Four Most Wanted Songs 2

It has been my endeavour all along to provide a download link for all the songs that I post on this blog, so that you may soak into the music at your leisure. However, I must tell you in clear terms that all these uploads have been deliberately encoded in a very lo-fi quality and are meant for sampling purpose only. As such, these songs can be best heard on a desktop computer or laptop speakers only. Any attempt to load these songs on your iPods or playing them on a high fidelity audio system could harm not only your precious ears with high static and crackle, but also the commercial interest of our striving artists. So if you like the music posted on this blog, please buy the original CDs. Don’t hesitate, gather enough courage and go for it. I bet, you won’t be disappointed. It would be a proud moment for all classical music lovers, and a dream come true for the artists, to see at least one Bhimsen Joshi CD along with one of Himesh Reshamiya, lying side by side on the CD rack, in all homes of the subcontinent.

Based upon visitors’ requests and also the ‘search words’ that led people to this blog, here are a few more songs, specially posted for you.

Begum Akhtar – Dadra – Hamari Atariya Pe :  Download

Bhimsen Joshi – Bhairavi – Boli Na Bol Humse Piya :  Download

Shobha Gurtu – Bhairavi – Saiyan Nikas Gaye :  Download

Rashid Khan – Yaman – Tarana :  Download

.. more Most Wanted Songs »


Appreciating Alap, Jor and Jhala

Indian classical music is basically split into two branches. The northern Hindustani tradition, influenced by the musical traditions of the Mughals, and the southern Carnatic tradition which largely remains culturally devotional in nature. To Westerners, and to many even in India, Indian classical music is simply a melody without a specific beginning or a definite end. To them it is more a gymnastics in sound, and to a few, unnecessary flexing of the vocal chords. As such, to many, its technicalities seem a little too baffling. A little basic knowledge about various sections of a recital is necessary, before one may start appreciating Indian classical music.

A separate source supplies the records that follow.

lemma sub_run_time_le:
  assumes "sub (Some {}) {} T U \<Delta>' k" and "T \<in> G" and "U \<in> G"
  shows "k \<le> (1 + card judgements)\<^sup>2 * (1 + 2 * max_size * (1 + card (G \<times> G))) * (2 * max_size + 1)"
proof -
  have "k \<le> judgement_charge * card judgements + step_cost"
    using sub_cost_amortized(1)[OF assms(1)] assms(2,3) by (simp add: potential_def)
  also have "\<dots> \<le> judgement_charge * (1 + card judgements)"
    by (simp add: judgement_charge_def)
  also have "\<dots> = (1 + card judgements)\<^sup>2 * (1 + 2 * max_size * (1 + card (G \<times> G)))
                     * (2 * max_size + 1)"
    unfolding judgement_charge_def step_cost_def power2_eq_square by (simp only: ac_simps)
  finally show ?thesis .
qed

lemma sub_run_time_le_exp:
  assumes "sub (Some {}) {} T U \<Delta>' k" and "T \<in> G" and "U \<in> G"
    and "card G \<le> n" and "\<And>t. t \<in> G \<Longrightarrow> tsize t \<le> n ^ n"
  shows "k \<le> 2 ^ (13 * n\<^sup>2)"
proof -
  have "1 \<le> n" using assms(2,4) finite_G card_gt_0_iff[of G] by auto
  moreover have "card (G \<times> G) \<le> n\<^sup>2"
    using assms(4) by (simp add: card_cartesian_product power2_eq_square mult_le_mono)
  moreover have "max_size \<le> n ^ n"
    unfolding max_size_def using finite_G assms(2,5) by (intro Max.boundedI) auto
  ultimately have "(1 + card judgements)\<^sup>2 * (1 + 2 * max_size * (1 + card (G \<times> G)))
                     * (2 * max_size + 1) \<le> 2 ^ (13 * n\<^sup>2)"
    unfolding card_judgements by (intro run_time_bound_arith)
  then show ?thesis using sub_run_time_le[OF assms(1-3)] by linarith
qed

end

lemma type_universe_type_closure:
  assumes "closed T" and "closed U"
  shows "type_universe (type_closure T \<union> type_closure U)"
  using successors_type_closure[OF assms(1)] successors_type_closure[OF assms(2)]
  by unfold_locales (auto simp: type_closure_def)

theorem mainTheorem6:
  "\<exists>c::nat. \<forall>T U. closed T \<longrightarrow> closed U \<longrightarrow>
     (\<exists>D' k. sub (Some {}) {} T U D' k) \<and>
     (\<forall>D' k. sub (Some {}) {} T U D' k \<longrightarrow>
        k \<le> 2 ^ (c * (tsize T + tsize U)\<^sup>2))"
proof (intro exI[of _ 13] allI impI)
  fix T U assume "closed T" and "closed U"
  define G where "G = type_closure T \<union> type_closure U"
  interpret type_universe G
    unfolding G_def using \<open>closed T\<close> \<open>closed U\<close> by (rule type_universe_type_closure)
  let ?n = "tsize T + tsize U"
  have TU: "T \<in> G" "U \<in> G" by (simp_all add: G_def mem_type_closure)
  have card: "card G \<le> ?n"
    using card_Un_le[of "type_closure T" "type_closure U"]
      card_type_closure_le[of T] card_type_closure_le[of U]
    unfolding G_def by linarith
  have "tsize T ^ tsize T \<le> ?n ^ ?n" and "tsize U ^ tsize U \<le> ?n ^ ?n"
    by (rule self_power_mono[OF tsize_pos]; simp)+
  then have size: "tsize t \<le> ?n ^ ?n" if "t \<in> G" for t
    using that tsize_type_closure_le[of t T] tsize_type_closure_le[of t U] unfolding G_def by auto
  show "(\<exists>D' k. sub (Some {}) {} T U D' k) \<and>
      (\<forall>D' k. sub (Some {}) {} T U D' k \<longrightarrow> k \<le> 2 ^ (13 * ?n\<^sup>2))"
    using sub_exists[of "{}" "{}" T U] sub_run_time_le_exp[OF _ TU card size] TU by auto
qed

end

Probably the most striking difference between the Western and Indian classical traditions is the importance of improvisation in the latter. While Western music has written scores, an Indian classical performance is extempore. The overwhelming majority of Indian recitals are improvised on the spot, making each performance unique and unrepeatable. The musicians may almost never have practiced together, and it may be unusual for any musician other than a soloist to have a clue what will be performed. Given this, it is mind boggling to see the speed with which incredibly complex Ragas are improvised by the performers, with vocalists, instrumentalists and percussionists engaged in creating an unified interaction of rhythm and melody that is precisely calculated to bring out the essence of the Raga and mood, set out in the composition.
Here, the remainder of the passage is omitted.